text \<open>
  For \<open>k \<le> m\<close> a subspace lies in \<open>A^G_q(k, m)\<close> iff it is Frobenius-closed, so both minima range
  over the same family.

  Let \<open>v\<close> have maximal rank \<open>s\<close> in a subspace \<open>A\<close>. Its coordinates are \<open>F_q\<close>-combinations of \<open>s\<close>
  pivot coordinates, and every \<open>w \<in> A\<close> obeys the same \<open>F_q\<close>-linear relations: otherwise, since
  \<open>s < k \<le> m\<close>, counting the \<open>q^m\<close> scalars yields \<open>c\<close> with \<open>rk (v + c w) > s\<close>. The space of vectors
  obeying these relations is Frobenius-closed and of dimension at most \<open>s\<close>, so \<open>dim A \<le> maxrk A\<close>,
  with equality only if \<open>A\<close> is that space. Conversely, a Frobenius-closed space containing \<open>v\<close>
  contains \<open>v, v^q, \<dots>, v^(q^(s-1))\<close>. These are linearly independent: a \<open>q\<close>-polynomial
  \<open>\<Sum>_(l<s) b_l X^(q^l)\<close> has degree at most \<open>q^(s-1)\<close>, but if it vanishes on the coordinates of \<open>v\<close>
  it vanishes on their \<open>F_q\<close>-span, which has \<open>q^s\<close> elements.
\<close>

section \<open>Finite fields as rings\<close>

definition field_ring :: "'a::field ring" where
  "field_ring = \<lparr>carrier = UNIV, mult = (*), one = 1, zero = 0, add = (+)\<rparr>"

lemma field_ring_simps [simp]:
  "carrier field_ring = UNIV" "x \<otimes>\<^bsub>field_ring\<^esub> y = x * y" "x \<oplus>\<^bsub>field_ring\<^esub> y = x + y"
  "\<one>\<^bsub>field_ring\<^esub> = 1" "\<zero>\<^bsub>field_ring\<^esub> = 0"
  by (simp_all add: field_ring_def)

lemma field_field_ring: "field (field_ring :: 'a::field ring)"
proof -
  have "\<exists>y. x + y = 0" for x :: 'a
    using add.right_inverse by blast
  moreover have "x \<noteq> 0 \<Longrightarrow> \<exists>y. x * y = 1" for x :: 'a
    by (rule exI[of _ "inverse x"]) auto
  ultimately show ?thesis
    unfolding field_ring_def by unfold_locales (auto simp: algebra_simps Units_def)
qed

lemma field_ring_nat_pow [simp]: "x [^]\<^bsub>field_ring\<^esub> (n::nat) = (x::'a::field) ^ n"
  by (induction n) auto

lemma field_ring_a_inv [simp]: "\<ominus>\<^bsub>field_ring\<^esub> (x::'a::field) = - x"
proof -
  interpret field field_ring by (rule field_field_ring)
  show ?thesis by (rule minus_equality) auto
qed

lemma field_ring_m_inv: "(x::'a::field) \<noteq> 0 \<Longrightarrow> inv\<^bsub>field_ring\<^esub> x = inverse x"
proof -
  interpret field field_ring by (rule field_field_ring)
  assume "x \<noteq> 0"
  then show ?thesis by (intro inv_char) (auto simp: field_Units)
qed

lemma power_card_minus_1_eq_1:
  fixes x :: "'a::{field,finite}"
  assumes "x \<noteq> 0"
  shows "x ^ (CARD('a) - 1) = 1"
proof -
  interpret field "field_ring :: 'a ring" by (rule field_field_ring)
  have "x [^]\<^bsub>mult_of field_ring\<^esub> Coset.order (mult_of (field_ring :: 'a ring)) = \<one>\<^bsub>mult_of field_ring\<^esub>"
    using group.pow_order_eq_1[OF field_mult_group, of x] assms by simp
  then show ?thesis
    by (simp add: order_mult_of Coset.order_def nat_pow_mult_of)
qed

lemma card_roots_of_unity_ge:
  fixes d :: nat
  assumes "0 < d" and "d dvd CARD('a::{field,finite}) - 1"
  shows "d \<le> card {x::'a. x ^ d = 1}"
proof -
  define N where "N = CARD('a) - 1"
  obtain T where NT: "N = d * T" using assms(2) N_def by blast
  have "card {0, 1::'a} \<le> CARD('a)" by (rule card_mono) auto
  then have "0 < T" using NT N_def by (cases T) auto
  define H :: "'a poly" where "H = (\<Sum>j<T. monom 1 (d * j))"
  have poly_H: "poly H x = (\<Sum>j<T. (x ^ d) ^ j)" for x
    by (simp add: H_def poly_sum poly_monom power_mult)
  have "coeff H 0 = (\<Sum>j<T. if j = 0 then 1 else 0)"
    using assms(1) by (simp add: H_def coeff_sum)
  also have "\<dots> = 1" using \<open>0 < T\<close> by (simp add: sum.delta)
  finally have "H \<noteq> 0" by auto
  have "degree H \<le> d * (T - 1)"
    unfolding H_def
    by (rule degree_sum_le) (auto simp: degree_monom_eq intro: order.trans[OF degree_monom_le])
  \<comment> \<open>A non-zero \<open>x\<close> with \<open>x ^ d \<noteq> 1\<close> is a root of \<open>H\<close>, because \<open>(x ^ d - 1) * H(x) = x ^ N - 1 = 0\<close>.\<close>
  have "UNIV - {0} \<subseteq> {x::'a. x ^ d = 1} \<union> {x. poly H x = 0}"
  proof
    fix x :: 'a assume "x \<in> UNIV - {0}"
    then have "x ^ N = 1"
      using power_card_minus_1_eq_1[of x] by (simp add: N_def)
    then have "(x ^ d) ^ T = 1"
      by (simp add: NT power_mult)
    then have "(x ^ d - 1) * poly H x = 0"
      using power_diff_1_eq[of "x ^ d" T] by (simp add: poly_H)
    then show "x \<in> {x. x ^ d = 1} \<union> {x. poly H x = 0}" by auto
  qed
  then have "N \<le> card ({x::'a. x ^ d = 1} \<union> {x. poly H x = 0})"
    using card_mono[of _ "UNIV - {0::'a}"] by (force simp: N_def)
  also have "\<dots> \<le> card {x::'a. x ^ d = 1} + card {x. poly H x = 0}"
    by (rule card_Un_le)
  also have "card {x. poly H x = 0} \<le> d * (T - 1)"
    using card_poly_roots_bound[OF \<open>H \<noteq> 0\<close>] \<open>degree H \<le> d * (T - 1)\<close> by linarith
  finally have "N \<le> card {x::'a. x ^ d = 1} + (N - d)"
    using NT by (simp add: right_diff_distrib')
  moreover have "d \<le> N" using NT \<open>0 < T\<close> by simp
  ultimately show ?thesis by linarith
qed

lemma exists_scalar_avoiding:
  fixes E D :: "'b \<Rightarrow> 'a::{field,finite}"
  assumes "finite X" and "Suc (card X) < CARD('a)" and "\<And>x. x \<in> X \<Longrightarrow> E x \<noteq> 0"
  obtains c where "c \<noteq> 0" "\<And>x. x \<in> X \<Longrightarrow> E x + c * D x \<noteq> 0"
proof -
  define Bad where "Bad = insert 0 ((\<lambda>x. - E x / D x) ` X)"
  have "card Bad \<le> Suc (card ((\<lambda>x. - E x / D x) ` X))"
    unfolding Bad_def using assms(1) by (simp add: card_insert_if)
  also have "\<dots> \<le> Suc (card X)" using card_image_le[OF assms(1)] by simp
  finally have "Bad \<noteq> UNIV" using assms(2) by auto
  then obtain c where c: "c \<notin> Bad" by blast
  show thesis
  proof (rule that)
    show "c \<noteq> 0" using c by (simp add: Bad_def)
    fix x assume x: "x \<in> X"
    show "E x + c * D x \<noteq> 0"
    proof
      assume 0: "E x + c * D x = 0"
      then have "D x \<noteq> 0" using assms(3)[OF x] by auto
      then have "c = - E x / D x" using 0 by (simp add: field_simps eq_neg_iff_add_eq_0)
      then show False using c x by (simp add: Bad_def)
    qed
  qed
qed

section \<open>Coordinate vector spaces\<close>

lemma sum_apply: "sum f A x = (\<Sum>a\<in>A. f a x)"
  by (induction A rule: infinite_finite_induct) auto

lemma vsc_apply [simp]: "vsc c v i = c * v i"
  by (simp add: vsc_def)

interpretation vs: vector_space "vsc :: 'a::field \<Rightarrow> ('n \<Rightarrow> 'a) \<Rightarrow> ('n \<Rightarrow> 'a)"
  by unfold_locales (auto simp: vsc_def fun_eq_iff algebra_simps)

□ □ □

Retype word for word everything in the listing above from the line that holds "obtains c where" down to the line that holds "by (induction A". Keep both end lines and leave out the rest.

• Task answer
  obtains c where "c \<noteq> 0" "\<And>x. x \<in> X \<Longrightarrow> E x + c * D x \<noteq> 0"
proof -
  define Bad where "Bad = insert 0 ((\<lambda>x. - E x / D x) ` X)"
  have "card Bad \<le> Suc (card ((\<lambda>x. - E x / D x) ` X))"
    unfolding Bad_def using assms(1) by (simp add: card_insert_if)
  also have "\<dots> \<le> Suc (card X)" using card_image_le[OF assms(1)] by simp
  finally have "Bad \<noteq> UNIV" using assms(2) by auto
  then obtain c where c: "c \<notin> Bad" by blast
  show thesis
  proof (rule that)
    show "c \<noteq> 0" using c by (simp add: Bad_def)
    fix x assume x: "x \<in> X"
    show "E x + c * D x \<noteq> 0"
    proof
      assume 0: "E x + c * D x = 0"
      then have "D x \<noteq> 0" using assms(3)[OF x] by auto
      then have "c = - E x / D x" using 0 by (simp add: field_simps eq_neg_iff_add_eq_0)
      then show False using c x by (simp add: Bad_def)
    qed
  qed
qed

section \<open>Coordinate vector spaces\<close>

lemma sum_apply: "sum f A x = (\<Sum>a\<in>A. f a x)"
  by (induction A rule: infinite_finite_induct) auto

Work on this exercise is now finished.